■ WHAT YOU ARE ASKED TO DO ■
Transcribe each of the entries exactly.

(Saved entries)
(* Let $T$ be a rooted tree (of arbitrary degree) stored in light-first order with respect to some space-filling curve, and let $\hat T$ be the virtual tree obtained from $T$ by the transformation described in the context. If every vertex of $\hat T$ is stored in the same processor as in $T$, then $\hat T$ is also stored in light-first order.
   Context: Processors sit on the cells of a 2D grid enumerated by a space-filling curve; vertex $v$ is stored at position $p_v$. For a rooted tree (real or virtual), $s(v)$ is the size of the subtree rooted at $v$; the tree is stored in light-first order if for every vertex $v$, its children can be indexed $u_1,\dots,u_m$ with $s(u_1)\le\dots\le s(u_m)$ so that $u_i$ is stored at position $p_v+1+\sum_{j<i}s(u_j)$. Virtual tree: every vertex $v$ carries an ordered list $C(v)$ of current children, initially the children of $v$ in $T$ listed in light-first order (nondecreasing subtree size, i.e. increasing position), and an ordered list $A(v)$ of appended children, initially empty. The children of $v$ in the virtual tree are the elements of $C(v)$ followed by those of $A(v)$. $\textsc{Transform}(v)$, for $C(v)=(c_1,\dots,c_d)$ and $A(v)=(a_1,\dots,a_{d'})$: (1) set $A(c_1):=(c_2,\dots,c_{\lfloor d/2\rfloor})$ and $A(c_{\lfloor d/2\rfloor+1}):=(c_{\lfloor d/2\rfloor+2},\dots,c_d)$, and set $C(v):=(c_1,c_{\lfloor d/2\rfloor+1})$; (2) set $A(a_1):=(a_2,\dots,a_{\lfloor d'/2\rfloor})$ and $A(a_{\lfloor d'/2\rfloor+1}):=(a_{\lfloor d'/2\rfloor+2},\dots,a_{d'})$, and set $A(v):=(a_1,a_{\lfloor d'/2\rfloor+1})$; (3) apply $\textsc{Transform}$ to $c_1$, $c_{\lfloor d/2\rfloor+1}$, $a_1$ and $a_{\lfloor d'/2\rfloor+1}$. (Index ranges with upper end below lower end are empty, repeated entries are listed once, and nonexistent elements are ignored.) $\hat T$ starts equal to $T$ and is transformed by applying $\textsc{Transform}$ starting from the root; the result is a virtual tree in which each vertex has at most 4 children. *)

theory Defs
  imports Main "HOL-Library.Multiset"
begin

datatype 'v rtree = Node 'v "'v rtree list"

fun root :: "'v rtree \<Rightarrow> 'v" where
  "root (Node v ts) = v"

fun tsize :: "'v rtree \<Rightarrow> nat" where
  "tsize (Node v ts) = 1 + sum_list (map tsize ts)"

fun vertices :: "'v rtree \<Rightarrow> 'v list" where
  "vertices (Node v ts) = v # concat (map vertices ts)"

fun subtrees :: "'v rtree \<Rightarrow> 'v rtree list" where
  "subtrees (Node v ts) = Node v ts # concat (map subtrees ts)"

definition light_first :: "('v \<Rightarrow> nat) \<Rightarrow> 'v rtree \<Rightarrow> bool" where
  "light_first p t \<longleftrightarrow>
     (\<forall>v ts. Node v ts \<in> set (subtrees t) \<longrightarrow>
        (\<exists>us. mset us = mset ts \<and> sorted (map tsize us) \<and>
           (\<forall>i < length us. p (root (us ! i)) = p v + 1 + sum_list (map tsize (take i us)))))"

text \<open>Virtual trees: vertex v with current children C(v) and appended children A(v).\<close>
datatype 'v vtree = VNode 'v "'v vtree list" "'v vtree list"

fun vroot :: "'v vtree \<Rightarrow> 'v" where
  "vroot (VNode v cs as) = v"

fun vsize :: "'v vtree \<Rightarrow> nat" where
  "vsize (VNode v cs as) = 1 + sum_list (map vsize cs) + sum_list (map vsize as)"

fun setA :: "'v vtree \<Rightarrow> 'v vtree list \<Rightarrow> 'v vtree" where
  "setA (VNode v cs as) as' = VNode v cs as'"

■ YOUR RESPONSE ■
(* Let $T$ be a rooted tree (of arbitrary degree) stored in light-first order with respect to some space-filling curve, and let $\hat T$ be the virtual tree obtained from $T$ by the transformation described in the context. If every vertex of $\hat T$ is stored in the same processor as in $T$, then $\hat T$ is also stored in light-first order.
   Context: Processors sit on the cells of a 2D grid enumerated by a space-filling curve; vertex $v$ is stored at position $p_v$. For a rooted tree (real or virtual), $s(v)$ is the size of the subtree rooted at $v$; the tree is stored in light-first order if for every vertex $v$, its children can be indexed $u_1,\dots,u_m$ with $s(u_1)\le\dots\le s(u_m)$ so that $u_i$ is stored at position $p_v+1+\sum_{j<i}s(u_j)$. Virtual tree: every vertex $v$ carries an ordered list $C(v)$ of current children, initially the children of $v$ in $T$ listed in light-first order (nondecreasing subtree size, i.e. increasing position), and an ordered list $A(v)$ of appended children, initially empty. The children of $v$ in the virtual tree are the elements of $C(v)$ followed by those of $A(v)$. $\textsc{Transform}(v)$, for $C(v)=(c_1,\dots,c_d)$ and $A(v)=(a_1,\dots,a_{d'})$: (1) set $A(c_1):=(c_2,\dots,c_{\lfloor d/2\rfloor})$ and $A(c_{\lfloor d/2\rfloor+1}):=(c_{\lfloor d/2\rfloor+2},\dots,c_d)$, and set $C(v):=(c_1,c_{\lfloor d/2\rfloor+1})$; (2) set $A(a_1):=(a_2,\dots,a_{\lfloor d'/2\rfloor})$ and $A(a_{\lfloor d'/2\rfloor+1}):=(a_{\lfloor d'/2\rfloor+2},\dots,a_{d'})$, and set $A(v):=(a_1,a_{\lfloor d'/2\rfloor+1})$; (3) apply $\textsc{Transform}$ to $c_1$, $c_{\lfloor d/2\rfloor+1}$, $a_1$ and $a_{\lfloor d'/2\rfloor+1}$. (Index ranges with upper end below lower end are empty, repeated entries are listed once, and nonexistent elements are ignored.) $\hat T$ starts equal to $T$ and is transformed by applying $\textsc{Transform}$ starting from the root; the result is a virtual tree in which each vertex has at most 4 children. *)

theory Defs
  imports Main "HOL-Library.Multiset"
begin

datatype 'v rtree = Node 'v "'v rtree list"

fun root :: "'v rtree \<Rightarrow> 'v" where
  "root (Node v ts) = v"

fun tsize :: "'v rtree \<Rightarrow> nat" where
  "tsize (Node v ts) = 1 + sum_list (map tsize ts)"

fun vertices :: "'v rtree \<Rightarrow> 'v list" where
  "vertices (Node v ts) = v # concat (map vertices ts)"

fun subtrees :: "'v rtree \<Rightarrow> 'v rtree list" where
  "subtrees (Node v ts) = Node v ts # concat (map subtrees ts)"

definition light_first :: "('v \<Rightarrow> nat) \<Rightarrow> 'v rtree \<Rightarrow> bool" where
  "light_first p t \<longleftrightarrow>
     (\<forall>v ts. Node v ts \<in> set (subtrees t) \<longrightarrow>
        (\<exists>us. mset us = mset ts \<and> sorted (map tsize us) \<and>
           (\<forall>i < length us. p (root (us ! i)) = p v + 1 + sum_list (map tsize (take i us)))))"

text \<open>Virtual trees: vertex v with current children C(v) and appended children A(v).\<close>
datatype 'v vtree = VNode 'v "'v vtree list" "'v vtree list"

fun vroot :: "'v vtree \<Rightarrow> 'v" where
  "vroot (VNode v cs as) = v"

fun vsize :: "'v vtree \<Rightarrow> nat" where
  "vsize (VNode v cs as) = 1 + sum_list (map vsize cs) + sum_list (map vsize as)"

fun setA :: "'v vtree \<Rightarrow> 'v vtree list \<Rightarrow> 'v vtree" where
  "setA (VNode v cs as) as' = VNode v cs as'"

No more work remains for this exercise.